A situação chega a ser assustadora. A suspensão dos concursos públicos na área federal e da contratação de servidores aprovados em seleções concluídas no ano passado, juntamente com a notícia de que se pretende “legalizar” por meio de decreto a terceirização, demonstra total falta de apreço do governo pela opinião pública. Aparentemente, nossos gestores não ligam se a população em geral condena o empreguismo sem limites, o patrimonialismo da res publica e a falta de escrúpulo que a medida tenta ocultar.

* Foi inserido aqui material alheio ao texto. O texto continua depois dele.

text \<open>The bound grows by the factor \<open>\<beta>\<close> per step because \<open>LC * (1 + w) \<le> \<beta>\<close>.\<close>
lemma (in prob_space) L2_bounded_chain:
  fixes x d e g :: "nat \<Rightarrow> 'a \<Rightarrow> real"
  assumes x_meas: "\<And>s. s \<in> {1..R} \<Longrightarrow> x s \<in> borel_measurable M"
    and x_nonneg: "\<And>s \<omega>. 0 \<le> x s \<omega>"
    and x_Suc: "\<And>s \<omega>. s < R \<Longrightarrow> x (Suc s) \<omega> \<le> g s \<omega> + LC * d s \<omega>"
    and d_0: "\<And>\<omega>. d 0 \<omega> = 0"
    and d_Suc: "\<And>s \<omega>. d (Suc s) \<omega> \<le> x (Suc s) \<omega> + e (Suc s) \<omega>"
    and g: "\<And>s. s < R \<Longrightarrow> L2_bounded M (g s) (\<gamma> s)"
    and e: "\<And>s b. s \<in> {1..R} \<Longrightarrow> L2_bounded M (x s) b \<Longrightarrow> L2_bounded M (e s) (\<epsilon> + w * b)"
    and \<gamma>: "\<And>s. s < R \<Longrightarrow> \<gamma> s + LC * \<epsilon> \<le> \<beta> ^ s * W"
    and LC: "0 \<le> LC" "LC * (1 + w) \<le> \<beta>"
    and nonneg: "0 \<le> \<epsilon>" "0 \<le> w" "0 \<le> W"
    and s: "s \<in> {1..R}"
  shows "L2_bounded M (x s) (\<beta> ^ (s - 1) * (real s * W))"
proof -
  have "0 \<le> LC * (1 + w)" using LC nonneg by simp
  then have \<beta>: "0 \<le> \<beta>" using LC by linarith
  have main: "L2_bounded M (x (Suc n)) (\<beta> ^ n * (real (Suc n) * W))" if "Suc n \<le> R" for n
    using that
  proof (induction n)
    case 0
    have "L2_bounded M (x 1) (\<gamma> 0)"
    proof (rule L2_bounded_dominated[OF x_meas x_nonneg _ g])
      show "x 1 \<omega> \<le> g 0 \<omega>" for \<omega> using x_Suc[of 0 \<omega>] d_0[of \<omega>] 0 by simp
    qed (use 0 in auto)
    moreover have "\<gamma> 0 \<le> W" using \<gamma>[of 0] 0 mult_nonneg_nonneg[OF LC(1) nonneg(1)] by simp
    ultimately show ?case by (simp add: L2_bounded_mono_bound)
  next
    case (Suc n)
    define B where "B = \<beta> ^ n * (real (Suc n) * W)"
    have B: "0 \<le> B" unfolding B_def using \<beta> nonneg by simp
    have x: "L2_bounded M (x (Suc n)) B" using Suc unfolding B_def by simp
    have dom: "L2_bounded M (\<lambda>\<omega>. g (Suc n) \<omega> + LC * (x (Suc n) \<omega> + e (Suc n) \<omega>))
        (\<gamma> (Suc n) + LC * (B + (\<epsilon> + w * B)))"
      using Suc.prems LC x e[OF _ x] g
      by (intro L2_bounded_add L2_bounded_cmult) auto
    have "L2_bounded M (x (Suc (Suc n))) (\<gamma> (Suc n) + LC * (B + (\<epsilon> + w * B)))"
    proof (rule L2_bounded_dominated[OF x_meas x_nonneg _ dom])
      show "x (Suc (Suc n)) \<omega> \<le> g (Suc n) \<omega> + LC * (x (Suc n) \<omega> + e (Suc n) \<omega>)" for \<omega>
        using x_Suc[of "Suc n" \<omega>] mult_left_mono[OF d_Suc[of n \<omega>] LC(1)] Suc.prems by simp
    qed (use Suc.prems in auto)
    moreover have "\<gamma> (Suc n) + LC * (B + (\<epsilon> + w * B)) \<le> \<beta> ^ Suc n * (real (Suc (Suc n)) * W)"
    proof -
      have "LC * (1 + w) * B \<le> \<beta> * B" using mult_right_mono[OF LC(2) B] .
      moreover have "\<beta> * B = \<beta> ^ Suc n * (real (Suc n) * W)" unfolding B_def by simp
      ultimately show ?thesis using \<gamma>[of "Suc n"] Suc.prems by (simp add: algebra_simps)
    qed
    ultimately show ?case by (rule L2_bounded_mono_bound)
  qed
  obtain n where "s = Suc n" using s by (cases s) auto
  then show ?thesis using main[of n] s by simp
qed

A gravidade dos fatos está traduzida em recentes declarações do ministro Augusto Nardes, do Tribunal de Contas da União. Analisando dados de quatro empresas estatais – Petrobras, BNDES, Eletrosul e IRB –, o ministro afirmou que, “diante do atropelo e da necessidade de funcionários, ficaram caracterizados nessas estatais indícios de burla à legislação”.

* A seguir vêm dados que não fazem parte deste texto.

(* Let $X$ be any real random variable, and let $s_1,s_2$ be real numbers with $s_1\le 0\le s_2$ such that $\mathsf{E}\, e^{sX}<\infty$ for all $s\in[s_1,s_2]$. Let $p\in\mathbb{N}$ with $\mathsf{E}|X|^p<\infty$, and let $\ell:=p-1$. Then for any $s\in[s_1,0)$ and any $j\in\{-1,0,\dots,\ell\}$, \[ \mathsf{E}\, X_+^p=\mathsf{E}\, X^p+\frac{p!}{2\pi}\int_{-\infty}^{\infty}\frac{\mathsf{E}\, e_j\big((s+it)X\big)}{(s+it)^{p+1}}\,dt =\mathsf{E}\, X^p+\frac{p!}{\pi}\int_{0}^{\infty}\operatorname{Re}\frac{\mathsf{E}\, e_j\big((s+it)X\big)}{(s+it)^{p+1}}\,dt, \] where the integrals exist in the Lebesgue sense.
   Context: $x_+:=\max(0,x)$, $x_+^p:=(x_+)^p$. For complex $z$ and $m\in\{-1,0,1,\dots\}$, $e_m(z):=e^z-\sum_{j=0}^m z^j/j!$ (an empty sum is $0$, so $e_{-1}(z)=e^z$). The statement of the identity includes the assertion that the integrals exist in the Lebesgue sense (possibly infinite). *)

theory Defs
  imports "HOL-Probability.Probability"
begin

text \<open>Truncated exponential: e_m(z) = exp z - sum_{k=0}^{m} z^k/k!, for integer m \<ge> -1
  (for m = -1 the sum is empty, so e_{-1} = exp).\<close>
definition exp_trunc :: "int \<Rightarrow> complex \<Rightarrow> complex" where
  "exp_trunc m z = exp z - (\<Sum>k<nat (m + 1). z ^ k / of_nat (fact k))"

end

theory Submission
  imports Defs "HOL-Complex_Analysis.Complex_Analysis" "HOL-Real_Asymp.Real_Asymp"
begin
(* Consider the covariate-adaptive randomization design described in the context with $I=2$ covariates, each having 2 levels, and nonnegative weights $w_{o}, w_{m,1}, w_{m,2}, w_{s}$ summing to 1. Assume further that $w_{m,1}=w_{m,2}=:w_{m}$. Then the condition "with $u_{1}=1$, $u_{2}=w_{o}+w_{m,1}$, $u_{3}=w_{o}+w_{m,2}$, $u_{4}=w_{o}$, the solution $\mathbf{x}=(x_1,x_2,x_3)$ of \[ \begin{pmatrix} u_{1} & u_{2} & u_{3}\\ u_{2} & u_{1} & u_{4}\\ u_{3} & u_{4} & u_{1}\end{pmatrix} \begin{pmatrix} x_{1}\\ x_{2}\\ x_{3}\end{pmatrix} =\begin{pmatrix} u_{4}\\ u_{3}\\ u_{2}\end{pmatrix} \] satisfies $|x_{1}|+|x_{2}|+|x_{3}|<1$" is equivalent to \[ w_{m}<C(w_{o}):=\frac{\sqrt{(1-w_{o})^{2}+4(1+w_{o})^{2}}-1-3w_{o}}{4}. \] Hence, if in addition $w_s>0$, the chain $(\mathbf{D}_n)_{n\ge1}$ of within-stratum imbalances is a positive recurrent Markov chain with period 2 on $\mathbb{Z}^4$ whenever $w_m<C(w_o)$.
   Context: Two treatments (1 and 2) are compared; patients arrive sequentially. There are $I$ covariates, covariate $i$ having $m_i$ levels; a stratum is a covariate profile $(k_1,\ldots,k_I)$ and a margin $(i;k_i)$ is the set of patients whose $i$th covariate is at level $k_i$. Covariate profiles are i.i.d. multinomial over strata. After $n-1$ patients, $D_{n-1}$, $D_{n-1}(i;k_i)$, $D_{n-1}(k_1,\ldots,k_I)$ are the differences (treatment 1 count minus treatment 2 count) overall, on margin $(i;k_i)$, and within stratum. For a new patient in stratum $(k_1^*,\ldots,k_I^* )$, $\mathit{Imb}_n^{(1)}=w_o[D_{n-1}+1]^2+\sum_i w_{m,i}[D_{n-1}(i;k_i^* )+1]^2+w_s[D_{n-1}(k_1^*,\ldots,k_I^* )+1]^2$ and $\mathit{Imb}_n^{(2)}$ is the same with $-1$ replacing $+1$; the patient is assigned to treatment 1 with probability $q$, $p$, or $1/2$ according as $\mathit{Imb}_n^{(1)}>$, $<$, or $=$ $\mathit{Imb}_n^{(2)}$, where $0<q<p<1$, $p+q=1$ (first patient: probability $1/2$). $\mathbf{D}_n$ is the array of within-stratum differences after $n$ patients. *)

theory Defs
  imports Complex_Main
begin

text \<open>Two binary covariates: a stratum is a pair of levels (k1,k2).
  A state is the array D of within-stratum differences (an element of Z^4).\<close>
type_synonym stratum = "bool \<times> bool"
type_synonym state = "stratum \<Rightarrow> int"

Ao usar o termo “burla”, o ministro, na verdade, acusa as estatais de procedimentos deliberadamente contrários à lei e, portanto, merecedores de sanções contra seus gestores. Contudo, ao contrário disso, o que se vê é uma ação orquestrada para perpetuar a ilegalidade, agora com a desculpa, oferecida pelo governo federal, de que é necessário suspender os concursos e a contratação de concursados, como parte dos cortes de R$ 50 bilhões do orçamento federal.

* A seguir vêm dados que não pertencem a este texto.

theorem lemma3:
  fixes \<kappa> :: nat and F :: "complex \<Rightarrow> complex" and a :: "nat \<Rightarrow> complex"
  assumes "is_cusp_form \<kappa> F a"
  shows
   "(\<forall>\<epsilon>>0. \<forall>(CT::real) (Cw::nat \<Rightarrow> real). \<exists>C::real.
       \<forall>(M::real) (L::real) (T::real) (h::int) (k::int) (hb::int) (w::real \<Rightarrow> real) (s::real).
         1 \<le> M \<longrightarrow> 1/2 \<le> L \<longrightarrow> 0 \<le> T \<longrightarrow> T \<le> CT * M \<longrightarrow>
         0 < k \<longrightarrow> coprime h k \<longrightarrow> [h * hb = 1] (mod k) \<longrightarrow>
         weight_fun M Cw w \<longrightarrow> s \<in> {1, -1} \<longrightarrow>
         mean_square a hb k T s L M w
           \<le> C * (M * L powr (-1/2) + L powr \<epsilon> * real_of_int k * M powr (1/2 + \<epsilon>)))
    \<and>
    (\<forall>\<theta>>0. \<forall>(CT::real) (CL::real) (Cw::nat \<Rightarrow> real). \<exists>C::real.
       \<forall>(M::real) (L::real) (T::real) (h::int) (k::int) (hb::int) (w::real \<Rightarrow> real) (s::real).
         1 \<le> M \<longrightarrow> 1/2 \<le> L \<longrightarrow> 0 \<le> T \<longrightarrow> T \<le> CT * M \<longrightarrow>
         0 < k \<longrightarrow> coprime h k \<longrightarrow> [h * hb = 1] (mod k) \<longrightarrow>
         weight_fun M Cw w \<longrightarrow> s \<in> {1, -1} \<longrightarrow>
         L \<le> CL * M powr (1 - \<theta>) * real_of_int k powr (-2) \<longrightarrow>
         mean_square a hb k T s L M w \<le> C * (M * L powr (-1/2)))"
proof -
  obtain A where A: "\<And>L. L > 0 \<Longrightarrow> (\<Sum>n\<in>dyadic L. (norm (a n))\<^sup>2) \<le> A * L"
    using cusp_form_dyadic_sum_sq_le[OF assms] by blast
  show ?thesis
    apply (intro conjI allI impI)
    subgoal for \<epsilon> CT Cw
      apply (rule exI, intro allI impI)
      apply (rule mean_square_le_eps[where \<epsilon> = \<epsilon> and CT = CT and Cw = Cw])
      by (assumption | rule A)+
    subgoal for \<theta> CT CL Cw
      apply (rule exI, intro allI impI)
      apply (rule mean_square_le_theta[where \<theta> = \<theta> and CT = CT and CL = CL and Cw = Cw])
      by (assumption | rule A)+
    done
qed

end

O que vem por aí, de acordo com o G1, é um decreto do governo federal para regulamentar a terceirização de mão de obra nas empresas estatais, segundo informou ao portal o diretor do Departamento de Coordenação e Governança das Empresas Estatais (Dest) do Ministério do Planejamento, Sérgio Silva. O decreto ainda não tem data certa para sair, mas deve ser publicado “brevemente”, acrescenta ele.
Tudo indica que o governo vai consolidar a aberração constatada pelo TCU na auditoria promovida em apenas quatro das 130 estatais do país. Imagine o que seria descoberto nas outras 126, caso o TCU pudesse auditar todas elas para “avaliar eventual descumprimento da Constituição Federal”, segundo a qual “não podem ser terceirizadas as atividades-fim, funções relacionadas diretamente à atuação da empresa”, como explicou o ministro Augusto Nardes.
O artigo 37 da Constituição determina que “a investidura em cargo ou emprego público depende de aprovação prévia em concurso público (...), ressalvadas as nomeações para cargo em comissão declarado em lei de livre nomeação e exoneração”. Há exceção para contratos por tempo determinado, e o Decreto 2.271 de 1997 regulamenta a terceirização de serviços na administração pública direta (ministérios). Contudo, não há normativo que trate da terceirização em empresas públicas, o que torna ilegal o que vem ocorrendo nas estatais fiscalizadas pelo TCU, para não falar nas outras 126.
Diante da lacuna legislativa no que se refere às estatais, as empresas têm se respaldado na Súmula 331 do Tribunal Superior do Trabalho (TST) para justificar a contratação de terceirizados. O verbete estabelece as normas sobre terceirizações e autoriza a contratação de prestação de serviços apenas nas áreas de conservação, limpeza e serviços especializados ligados à “atividade-meio”, aquela não relacionada diretamente à finalidade da empresa. Nunca, portanto – é bom enfatizar – nas atividades-fim da estatal, diferentemente do que o TCU verificou na Petrobras, no BNDES, na Eletrosul e IRB.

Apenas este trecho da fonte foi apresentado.